What to do
Every line containing "close" should be copied out. Go through the entries and find them.

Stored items
(* Let $\alpha>0$, $\gamma\in(0,1)$ and suppose $2k\le\gamma n$. Suppose the data $x_1,\dots,x_n$ have histogram $\theta=(\theta_1,\dots,\theta_r,0,\dots,0)\in\Theta$ for some $1\le r<k$ (all coordinates after the $r$-th equal zero). Let $z=(z_1,\dots,z_k)$ be given by $z_j=\theta_j$ if $\theta_j=0$, and $z_j=\theta_j+\frac{2}{n\alpha}L_j$ otherwise, where $L_1,\dots,L_k$ are i.i.d. Laplace random variables with mean zero and rate one, and let $\delta(z)\in\arg\min_{\theta'\in\Theta}\|z-\theta'\|_1$. Then $\|\theta-\delta(z)\|_1=O_P\!\left(\frac{r}{\alpha n}\right)$; that is, for every $\varepsilon>0$ there is $M<\infty$ depending only on $\varepsilon$ such that $\mathbb P\big(\|\theta-\delta(z)\|_1> M\,\frac{r}{\alpha n}\big)\le\varepsilon$.
   Context: The sample space is partitioned into $k$ cells $B_1,\dots,B_k$; the histogram of $x_1,\dots,x_n$ is $\theta_j=\frac1n\sum_{i=1}^n\mathbf 1\{x_i\in B_j\}$, and $\Theta=\{(a_1/n,\dots,a_k/n):a_j\in\mathbb Z_{\ge0},\ \sum_ja_j=n\}$ is the set of all such histograms. $\|v\|_1=\sum_j|v_j|$. The Laplace distribution with mean zero and rate one has density $\frac12e^{-|x|}$. The probability is over the Laplace noise. *)

theory Defs
  imports "HOL-Probability.Probability"
begin

definition laplace :: "real measure" where
  "laplace = density lborel (\<lambda>x. ennreal (exp (- \<bar>x\<bar>) / 2))"

text \<open>Joint law of k i.i.d. Laplace variables L_0, ..., L_(k-1) (0-indexed cells).\<close>
definition laplace_noise :: "nat \<Rightarrow> (nat \<Rightarrow> real) measure" where
  "laplace_noise k = PiM {..<k} (\<lambda>_. laplace)"

definition Hist :: "nat \<Rightarrow> nat \<Rightarrow> (nat \<Rightarrow> real) set" where
  "Hist n k = {\<theta>. \<exists>a::nat \<Rightarrow> nat. (\<Sum>j<k. a j) = n \<and>
       (\<forall>j. \<theta> j = (if j < k then real (a j) / real n else 0))}"

definition l1 :: "nat \<Rightarrow> (nat \<Rightarrow> real) \<Rightarrow> real" where
  "l1 k v = (\<Sum>j<k. \<bar>v j\<bar>)"

definition privatize :: "nat \<Rightarrow> nat \<Rightarrow> real \<Rightarrow> (nat \<Rightarrow> real) \<Rightarrow> (nat \<Rightarrow> real) \<Rightarrow> (nat \<Rightarrow> real)" where
  "privatize n k \<alpha> \<theta> L = (\<lambda>j. if j < k then
       (if \<theta> j = 0 then \<theta> j else \<theta> j + 2 / (real n * \<alpha>) * L j) else 0)"

end

theory Submission
  imports Defs
begin

text \<open>
  Since \<delta>(z) is an l1-nearest histogram to z and \<theta> is itself a histogram, the triangle
  inequality gives l1(\<theta> - \<delta>(z)) \<le> 2 l1(z - \<theta>). The vector z - \<theta> vanishes outside the first
  r cells, where it is 2/(n\<alpha>) L_j, so l1(\<theta> - \<delta>(z)) \<le> 4/(n\<alpha>) (|L_0| + ... + |L_(r-1)|).
  The right-hand side has mean 4r/(n\<alpha>) because E|L_j| = 1, and Markov's inequality with
  M = 4/\<epsilon> concludes.
\<close>

lemma nn_integral_lborel_reflect:
  fixes f :: "real \<Rightarrow> ennreal"
  assumes [measurable]: "f \<in> borel_measurable borel"
  shows "(\<integral>\<^sup>+x. f (- x) \<partial>lborel) = (\<integral>\<^sup>+x. f x \<partial>lborel)"
proof -
  have "(\<integral>\<^sup>+x. f (- x) \<partial>lborel) = (\<integral>\<^sup>+x. f x \<partial>distr lborel borel uminus)"
    by (subst nn_integral_distr) auto
  then show ?thesis
    by (simp add: lborel_distr_uminus)
qed

text \<open>The absolute value of a Laplace variable is exponential, i.e. Erlang of order 0 and rate 1.\<close>
lemma nn_integral_laplace_density_abs_power:
  "(\<integral>\<^sup>+x. ennreal (exp (- \<bar>x\<bar>) / 2 * \<bar>x\<bar> ^ i) \<partial>lborel) = ennreal (fact i)"
proof -
  define e where "e x = ennreal (erlang_density 0 1 x * x ^ i / 2)" for x
  have e_measurable [measurable]: "e \<in> borel_measurable borel"
    unfolding e_def erlang_density_def by measurable
  have "(\<integral>\<^sup>+x. ennreal (exp (- \<bar>x\<bar>) / 2 * \<bar>x\<bar> ^ i) \<partial>lborel)
      = (\<integral>\<^sup>+x. e x + e (- x) \<partial>lborel)"
  proof (intro nn_integral_cong_AE eventually_mono[OF AE_lborel_singleton[of 0]])
    fix x :: real
    assume "x \<noteq> 0"
    then show "ennreal (exp (- \<bar>x\<bar>) / 2 * \<bar>x\<bar> ^ i) = e x + e (- x)"
      by (cases "x < 0")
        (auto simp: e_def erlang_density_def power_minus_odd simp flip: ennreal_plus)
  qed
  also have "\<dots> = (\<integral>\<^sup>+x. e x \<partial>lborel) + (\<integral>\<^sup>+x. e (- x) \<partial>lborel)"
    by (rule nn_integral_add) auto
  also have "(\<integral>\<^sup>+x. e (- x) \<partial>lborel) = (\<integral>\<^sup>+x. e x \<partial>lborel)"
    by (rule nn_integral_lborel_reflect) simp
  also have "(\<integral>\<^sup>+x. e x \<partial>lborel)
      = (\<integral>\<^sup>+x. ennreal (erlang_density 0 1 x * x ^ i) * ennreal (1/2) \<partial>lborel)"
    unfolding e_def
    by (intro nn_integral_cong, subst ennreal_mult[symmetric]) (auto simp: erlang_density_def)
  also have "\<dots> = ennreal (fact i) * ennreal (1/2)"
    by (simp add: nn_integral_multc nn_integral_erlang_ith_moment)
  also have "\<dots> = ennreal (fact i / 2)"
    by (subst ennreal_mult[symmetric]) auto
  finally show ?thesis
    by (simp flip: ennreal_plus)
qed

lemma prob_space_laplace: "prob_space laplace"
proof
  have "emeasure laplace (space laplace)
      = (\<integral>\<^sup>+x. ennreal (exp (- \<bar>x\<bar>) / 2 * \<bar>x\<bar> ^ 0) \<partial>lborel)"
    unfolding laplace_def by (subst emeasure_density) auto
  then show "emeasure laplace (space laplace) = 1"
    by (simp only: nn_integral_laplace_density_abs_power) simp
qed

lemma nn_integral_laplace_abs: "(\<integral>\<^sup>+x. ennreal \<bar>x\<bar> \<partial>laplace) = 1"
proof -
  have "(\<integral>\<^sup>+x. ennreal \<bar>x\<bar> \<partial>laplace)
      = (\<integral>\<^sup>+x. ennreal (exp (- \<bar>x\<bar>) / 2 * \<bar>x\<bar> ^ 1) \<partial>lborel)"
    unfolding laplace_def
    by (subst nn_integral_density) (auto intro!: nn_integral_cong simp flip: ennreal_mult)
  then show ?thesis
    by (simp only: nn_integral_laplace_density_abs_power) simp
qed

lemma prob_space_laplace_noise: "prob_space (laplace_noise k)"
  unfolding laplace_noise_def by (intro prob_space_PiM prob_space_laplace)

lemma measurable_laplace_noise_component:
  assumes "j < k"
  shows "(\<lambda>L. L j) \<in> borel_measurable (laplace_noise k)"
proof -
  have "(\<lambda>L. L j) \<in> laplace_noise k \<rightarrow>\<^sub>M laplace"
    unfolding laplace_noise_def using assms by (intro measurable_component_singleton) auto
  then show ?thesis
    by (simp add: laplace_def)
qed

lemma borel_measurable_laplace_noise_sum_abs:
  assumes "r \<le> k"
  shows "(\<lambda>L. \<Sum>j<r. \<bar>L j\<bar>) \<in> borel_measurable (laplace_noise k)"
  using assms by (intro borel_measurable_sum borel_measurable_abs
      measurable_laplace_noise_component) auto

lemma nn_integral_laplace_noise_abs_component:
  assumes "j < k"
  shows "(\<integral>\<^sup>+L. ennreal \<bar>L j\<bar> \<partial>laplace_noise k) = 1"
proof -
  have "distr (laplace_noise k) laplace (\<lambda>L. L j) = laplace"
    unfolding laplace_noise_def using assms prob_space_laplace
    by (intro distr_PiM_component) auto
  moreover have "(\<integral>\<^sup>+L. ennreal \<bar>L j\<bar> \<partial>laplace_noise k)
      = (\<integral>\<^sup>+x. ennreal \<bar>x\<bar> \<partial>distr (laplace_noise k) laplace (\<lambda>L. L j))"
    unfolding laplace_noise_def using assms
    by (subst nn_integral_distr) (auto simp: laplace_def)
  ultimately show ?thesis
    by (simp add: nn_integral_laplace_abs)
qed

lemma nn_integral_laplace_noise_sum_abs:
  assumes "r \<le> k"
  shows "(\<integral>\<^sup>+L. ennreal (\<Sum>j<r. \<bar>L j\<bar>) \<partial>laplace_noise k) = r"
proof -
  have "(\<integral>\<^sup>+L. ennreal (\<Sum>j<r. \<bar>L j\<bar>) \<partial>laplace_noise k)
      = (\<Sum>j<r. \<integral>\<^sup>+L. ennreal \<bar>L j\<bar> \<partial>laplace_noise k)"
    using assms measurable_laplace_noise_component
    by (subst nn_integral_sum[symmetric]) (auto simp: sum_ennreal)
  also have "\<dots> = (\<Sum>j<r. 1)"
    using assms by (intro sum.cong refl nn_integral_laplace_noise_abs_component) auto
  finally show ?thesis
    by simp
qed

lemma measure_laplace_noise_sum_abs_ge:
  assumes "r \<le> k" "c > 0"
  shows "measure (laplace_noise k) {L \<in> space (laplace_noise k). c \<le> (\<Sum>j<r. \<bar>L j\<bar>)} \<le> r / c"
proof -
  let ?N = "laplace_noise k" and ?S = "\<lambda>L. \<Sum>j<r. \<bar>L j\<bar>"
  interpret prob_space ?N
    by (rule prob_space_laplace_noise)
  have [measurable]: "?S \<in> borel_measurable ?N"
    using assms(1) by (rule borel_measurable_laplace_noise_sum_abs)
  have "{L \<in> space ?N. c \<le> ?S L} = {L \<in> space ?N. 1 \<le> ennreal (1 / c) * ennreal (?S L)}"
    using assms(2) by (auto simp: divide_simps simp flip: ennreal_mult)
  also have "emeasure ?N \<dots> \<le> ennreal (1 / c) * (\<integral>\<^sup>+L. ennreal (?S L) * indicator (space ?N) L \<partial>?N)"
    by (intro nn_integral_Markov_inequality) auto
  also have "(\<integral>\<^sup>+L. ennreal (?S L) * indicator (space ?N) L \<partial>?N) = r"
    using assms(1) by (simp add: nn_integral_laplace_noise_sum_abs cong: nn_integral_cong)
  finally show ?thesis
    using assms(2) by (simp add: emeasure_eq_measure ennreal_of_nat_eq_real_of_nat flip: ennreal_mult)
qed

lemma l1_triangle: "l1 k (u - w) \<le> l1 k (u - v) + l1 k (v - w)"
  unfolding l1_def sum.distrib[symmetric] by (intro sum_mono) (simp add: abs_triangle_ineq4)

lemma l1_commute: "l1 k (u - v) = l1 k (v - u)"
  unfolding l1_def by (simp add: abs_minus_commute)

lemma l1_projection_dist_le:
  assumes "l1 k (z - d) \<le> l1 k (z - \<theta>)"
  shows "l1 k (\<theta> - d) \<le> 2 * l1 k (z - \<theta>)"
  using l1_triangle[of k \<theta> d z] l1_commute[of k \<theta> z] assms by linarith

lemma l1_privatize_minus_le:
  assumes "r \<le> k" "\<forall>j. r \<le> j \<longrightarrow> \<theta> j = 0" "0 \<le> \<alpha>"
  shows "l1 k (privatize n k \<alpha> \<theta> L - \<theta>) \<le> 2 / (real n * \<alpha>) * (\<Sum>j<r. \<bar>L j\<bar>)"
proof -
  have "l1 k (privatize n k \<alpha> \<theta> L - \<theta>)
      \<le> (\<Sum>j<k. if j < r then 2 / (real n * \<alpha>) * \<bar>L j\<bar> else 0)"
    unfolding l1_def using assms(2,3) by (intro sum_mono) (auto simp: privatize_def abs_mult)
  also have "\<dots> = (\<Sum>j<r. 2 / (real n * \<alpha>) * \<bar>L j\<bar>)"
  proof -
    have "{..<k} \<inter> {j. j < r} = {..<r}"
      using assms(1) by auto
    then show ?thesis
      by (simp add: sum.If_cases)
  qed
  finally show ?thesis
    by (simp add: sum_distrib_left)
qed

lemma l1_dist_privatize_nearest_histogram_le:
  assumes "r \<le> k" "\<forall>j. r \<le> j \<longrightarrow> \<theta> j = 0" "0 \<le> \<alpha>" "\<theta> \<in> H"
    and "\<forall>\<theta>'\<in>H. l1 k (privatize n k \<alpha> \<theta> L - d) \<le> l1 k (privatize n k \<alpha> \<theta> L - \<theta>')"
  shows "l1 k (\<theta> - d) \<le> 4 / (real n * \<alpha>) * (\<Sum>j<r. \<bar>L j\<bar>)"
  using l1_projection_dist_le[of k "privatize n k \<alpha> \<theta> L" d \<theta>]
    l1_privatize_minus_le[OF assms(1-3), of n L] assms(4,5)
  by auto

lemma measure_privatize_nearest_histogram_dist_gt:
  assumes "\<epsilon> > 0" "\<alpha> > 0" "n > 0" "1 \<le> r" "r \<le> k" "\<theta> \<in> Hist n k"
    and "\<forall>j. r \<le> j \<longrightarrow> \<theta> j = 0"
    and "\<forall>w. \<delta> w \<in> Hist n k \<and> (\<forall>\<theta>'\<in>Hist n k. l1 k (w - \<delta> w) \<le> l1 k (w - \<theta>'))"
  shows "measure (laplace_noise k)
           {L \<in> space (laplace_noise k).
              l1 k (\<theta> - \<delta> (privatize n k \<alpha> \<theta> L)) > 4 / \<epsilon> * real r / (\<alpha> * real n)} \<le> \<epsilon>"
    (is "measure ?N ?B \<le> _")
proof -
  interpret prob_space ?N
    by (rule prob_space_laplace_noise)
  define T where "T = {L \<in> space ?N. r / \<epsilon> \<le> (\<Sum>j<r. \<bar>L j\<bar>)}"
  have [measurable]: "(\<lambda>L. \<Sum>j<r. \<bar>L j\<bar>) \<in> borel_measurable ?N"
    using assms(5) by (rule borel_measurable_laplace_noise_sum_abs)
  have "?B \<subseteq> T"
  proof
    fix L
    assume L: "L \<in> ?B"
    have "l1 k (\<theta> - \<delta> (privatize n k \<alpha> \<theta> L)) \<le> 4 / (real n * \<alpha>) * (\<Sum>j<r. \<bar>L j\<bar>)"
      using assms by (intro l1_dist_privatize_nearest_histogram_le[where H = "Hist n k"]) auto
    with L have "4 / \<epsilon> * real r / (\<alpha> * real n) < 4 / (real n * \<alpha>) * (\<Sum>j<r. \<bar>L j\<bar>)"
      by simp
    then show "L \<in> T"
      using L assms(1-3) by (simp add: T_def field_simps)
  qed
  moreover have "T \<in> sets ?N"
    unfolding T_def by measurable
  ultimately have "measure ?N ?B \<le> measure ?N T"
    by (cases "?B \<in> sets ?N") (auto intro: finite_measure_mono simp: measure_notin_sets)
  also have "\<dots> \<le> r / (r / \<epsilon>)"
    unfolding T_def using assms(1,4,5) by (intro measure_laplace_noise_sum_abs_ge) auto
  finally show ?thesis
    using assms(4) by simp
qed

theorem theorem5p1:
  shows "\<forall>\<epsilon>>0. \<exists>M::real. \<forall>(n::nat) (k::nat) (r::nat) (\<alpha>::real) (\<gamma>::real)
           (\<theta>::nat \<Rightarrow> real) (\<delta>::(nat \<Rightarrow> real) \<Rightarrow> (nat \<Rightarrow> real)).
     \<alpha> > 0 \<longrightarrow> 0 < \<gamma> \<longrightarrow> \<gamma> < 1 \<longrightarrow> 2 * real k \<le> \<gamma> * real n \<longrightarrow>
     1 \<le> r \<longrightarrow> r < k \<longrightarrow> \<theta> \<in> Hist n k \<longrightarrow> (\<forall>j. r \<le> j \<longrightarrow> \<theta> j = 0) \<longrightarrow>
     (\<forall>w. \<delta> w \<in> Hist n k \<and> (\<forall>\<theta>'\<in>Hist n k. l1 k (w - \<delta> w) \<le> l1 k (w - \<theta>'))) \<longrightarrow>
     (\<lambda>L. \<delta> (privatize n k \<alpha> \<theta> L)) \<in> laplace_noise k \<rightarrow>\<^sub>M count_space UNIV \<longrightarrow>
     measure (laplace_noise k)
       {L \<in> space (laplace_noise k).
          l1 k (\<theta> - \<delta> (privatize n k \<alpha> \<theta> L)) > M * real r / (\<alpha> * real n)} \<le> \<epsilon>"
  \<comment> \<open>The constraint 2k \<le> \<gamma>n only serves to force n > 0.\<close>
  apply (intro allI impI)
  subgoal for \<epsilon>
    by (intro exI[of _ "4 / \<epsilon>"] allI impI measure_privatize_nearest_histogram_dist_gt)
      (auto intro: gr0I)
  done

end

Result of this exercise
text \<open>Joint law of k i.i.d. Laplace variables L_0, ..., L_(k-1) (0-indexed cells).\<close>
\<close>
text \<open>The absolute value of a Laplace variable is exponential, i.e. Erlang of order 0 and rate 1.\<close>
  \<comment> \<open>The constraint 2k \<le> \<gamma>n only serves to force n > 0.\<close>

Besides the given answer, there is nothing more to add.